In March 2016, the FASB issued ASU No. 2016-07, “Investments - Equity Method and Joint Ventures (Topic 323): Simplifying the Transition to the Equity Method of Accounting”. The amendments in this ASU eliminate the requirement that when an investment qualifies for use of the equity method as a result of an increase in the level of ownership interest or degree of influence, an investor must adjust the investment, results of operations, and retained earnings retroactively on a step-by-step basis as if the equity method had been in effect during all previous periods that the investment had been held. The amendments require that the equity method investor add the cost of acquiring the additional interest in the investee to the current basis of the investor’s previously held interest and adopt the equity method of accounting as of the date the investment becomes qualified for equity method accounting. Therefore, upon qualifying for the equity method of accounting, no retroactive adjustment of the investment is required. In addition, the amendments in this ASU require that an entity that has an available-for-sale equity security that becomes qualified for the equity method of accounting recognize through earnings the unrealized holding gain or loss in accumulated other comprehensive income at the date the investment becomes qualified for use of the equity method. The amendments were effective for all entities for fiscal years, and interim periods within those fiscal years, beginning after December 15, 2016. The amendments should be applied prospectively upon their effective date to increases in the level of ownership interest or degree of influence that result in the adoption of the equity method. Early adoption is permitted. The adoption of ASU No. 2016-07 did not have a material effect on our consolidated financial statements.

In March 2016, the FASB issued ASU No. 2016-09, “Compensation - Stock Compensation (Topic 718): Improvements to Employee Shares-Based Payment Accounting”. The amendments in this ASU simplify several aspects of the accounting for share-based payment award transactions including: income tax consequences; classification of awards as either equity or liabilities; and classification on the statement of cash flows. The amendments were effective for public companies for annual periods beginning after December 15, 2016, and interim periods within those annual periods. The adoption of ASU No. 2016-09 did not have a material effect on our consolidated financial statements.
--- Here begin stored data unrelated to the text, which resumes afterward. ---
lemma equilibrium_characterization:
  "equilibrium \<alpha> v \<longleftrightarrow>
     (v = (\<lambda>_. 0) \<or>
      (v \<noteq> (\<lambda>_. 0) \<and> finite (supp v) \<and>
       normH2 v = N0 v / (2 * N0 v - 1) * \<alpha> - N2 v / (2 * N0 v - 1) \<and>
       N0 v / (2 * N0 v - 1) * \<alpha> - N2 v / (2 * N0 v - 1) > 0 \<and>
       (\<forall>n. v n \<noteq> 0 \<longrightarrow>
          (cmod (v n))\<^sup>2 = (real_of_int n)\<^sup>2 + (\<alpha> - 2 * N2 v) / (2 * N0 v - 1) \<and>
          (real_of_int n)\<^sup>2 + (\<alpha> - 2 * N2 v) / (2 * N0 v - 1) > 0)))"
    (is "_ \<longleftrightarrow> _ \<or> (_ \<and> ?rhs)")
proof (cases "v = (\<lambda>_. 0)")
  case True
  then show ?thesis by (simp add: equilibrium_def inH_def)
next
  case nonzero: False
  have normH2_iff: "normH2 v = N0 v / (2 * N0 v - 1) * \<alpha> - N2 v / (2 * N0 v - 1)
      \<longleftrightarrow> normH2 v * (2 * N0 v - 1) = N0 v * \<alpha> - N2 v"
  proof -
    have "N0 v / (2 * N0 v - 1) * \<alpha> - N2 v / (2 * N0 v - 1) = (N0 v * \<alpha> - N2 v) / (2 * N0 v - 1)"
      by (simp add: diff_divide_distrib)
    then show ?thesis by (simp only:) (rule nonzero_eq_divide_eq[OF two_N0_minus_one_neq_0])
  qed
  show ?thesis
  proof
    assume eq: "equilibrium \<alpha> v"
    have fin: "finite (supp v)" by (rule finite_supp_equilibrium[OF eq])
    have rel: "normH2 v * (2 * N0 v - 1) = N0 v * \<alpha> - N2 v"
      by (rule normH2_equilibrium[OF eq])
    have "normH2 v > 0"
      unfolding normH2_finite_supp[OF fin]
      using fin nonzero by (intro sum_pos) (auto simp: supp_def)
    moreover have "(cmod (v n))\<^sup>2 = decay_rate \<alpha> v n" if "v n \<noteq> 0" for n
      using eq that by (simp add: equilibrium_iff)
    moreover have "(cmod (v n))\<^sup>2 > 0" if "v n \<noteq> 0" for n
      using that by simp
    ultimately show "v = (\<lambda>_. 0) \<or> (v \<noteq> (\<lambda>_. 0) \<and> ?rhs)"
      using nonzero fin rel normH2_iff decay_rate_eq_N0_N2[OF rel] by auto
  next
    assume "v = (\<lambda>_. 0) \<or> (v \<noteq> (\<lambda>_. 0) \<and> ?rhs)"
    then have fin: "finite (supp v)" and rel: "normH2 v * (2 * N0 v - 1) = N0 v * \<alpha> - N2 v"
      and modes: "\<forall>n. v n \<noteq> 0 \<longrightarrow>
          (cmod (v n))\<^sup>2 = (real_of_int n)\<^sup>2 + (\<alpha> - 2 * N2 v) / (2 * N0 v - 1)"
      using nonzero normH2_iff by auto
    show "equilibrium \<alpha> v"
      unfolding equilibrium_iff decay_rate_eq_N0_N2[OF rel]
      using inH_finite_supp[OF fin] modes by blast
  qed
qed

lemma lin_op_inactive:
  assumes "w k = 0"
  shows "lin_op \<alpha> w \<theta> k = - decay_rate \<alpha> w k * \<theta> k"
  using assms by (simp add: lin_op_def decay_rate_def algebra_simps)

lemma lin_op_active:
  assumes "(w n)\<^sup>2 = decay_rate \<alpha> w n"
  shows "lin_op \<alpha> w \<theta> n = w n * (2 * w n * \<theta> n - 4 * (\<Sum>\<^sub>\<infinity>m. w m * \<theta> m))"
proof -
  have "lin_op \<alpha> w \<theta> n = - decay_rate \<alpha> w n * \<theta> n + 3 * \<theta> n * (w n)\<^sup>2
      - 4 * w n * (\<Sum>\<^sub>\<infinity>m. w m * \<theta> m)"
    by (simp add: lin_op_def decay_rate_def algebra_simps)
  then show ?thesis
    unfolding assms[symmetric] by (simp add: algebra_simps power2_eq_square)
qed

lemma kernel_vanishes_on_support:
  fixes w \<theta> :: "int \<Rightarrow> real"
  assumes fin: "finite {n. w n \<noteq> 0}"
    and active: "\<forall>n. w n \<noteq> 0 \<longrightarrow> (w n)\<^sup>2 = decay_rate \<alpha> w n"
    and kernel: "\<forall>n. lin_op \<alpha> w \<theta> n = 0"
  shows "w n * \<theta> n = 0"
proof -
  define F where "F = {n. w n \<noteq> 0}"
  define P where "P = (\<Sum>\<^sub>\<infinity>m. w m * \<theta> m)"
  have active_row: "w m * \<theta> m = 2 * P" if "m \<in> F" for m
    using lin_op_active[of w m \<alpha> \<theta>] active kernel that by (simp add: F_def P_def mult.commute)
  have "P = (\<Sum>m\<in>F. w m * \<theta> m)"
    unfolding P_def F_def by (rule infsum_finite_support[OF fin]) simp
  also have "\<dots> = 2 * real (card F) * P"
    by (simp add: active_row)
  finally have "P * (2 * real (card F) - 1) = 0" by (simp add: algebra_simps)
  moreover have "2 * real (card F) - 1 \<noteq> 0" by (rule two_of_nat_minus_one_neq_0)
  ultimately have "P = 0" by simp
  then show ?thesis using active_row by (cases "n \<in> F") (auto simp: F_def)
qed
In June 2016, the FASB ASU No. 2016-13, “Financial Instruments-Credit Losses (Topic 326): Measurement of Credit Losses on Financial Instruments”. ASU 2016-13 requires an entity to utilize a new impairment model known as the current expected credit loss (“CECL”) model to estimate its lifetime “expected credit loss” and record an allowance that, when deducted from the amortized cost basis of the financial asset, presents the net amount expected to be collected on the financial asset. The CECL model is expected to result in earlier recognition of credit losses. ASU 2016-13 also requires new disclosures for financial assets measured at amortized cost, loans and available-for-sale debt securities. The updated guidance is effective for interim and annual reporting periods beginning after December 15, 2019, including interim periods within those fiscal years. Early adoption is permitted. Entities will apply the standard’s provisions as a cumulative-effect adjustment to retained earnings as of the beginning of the first reporting period in which the guidance is adopted. We have dedicated staff and resources in place to evaluate the Company’s options including evaluating the appropriate model options and collecting and reviewing loan data for use in these models. The Company is currently still assessing the impact that this new guidance will have on its consolidated financial statements.

In August 2016, the FASB issued ASU No. 2016-15, “Statement of Cash Flows (Topic 230): Classification of Certain Cash Receipts and Cash Payments”. The update addresses eight specific cash flow issues with the objective of reducing the existing diversity in practice. This new accounting guidance will be effective for interim and annual reporting periods beginning after December 15, 2019. The Company does not expect the adoption of the new accounting guidance to have a material effect on the statement of cash flow.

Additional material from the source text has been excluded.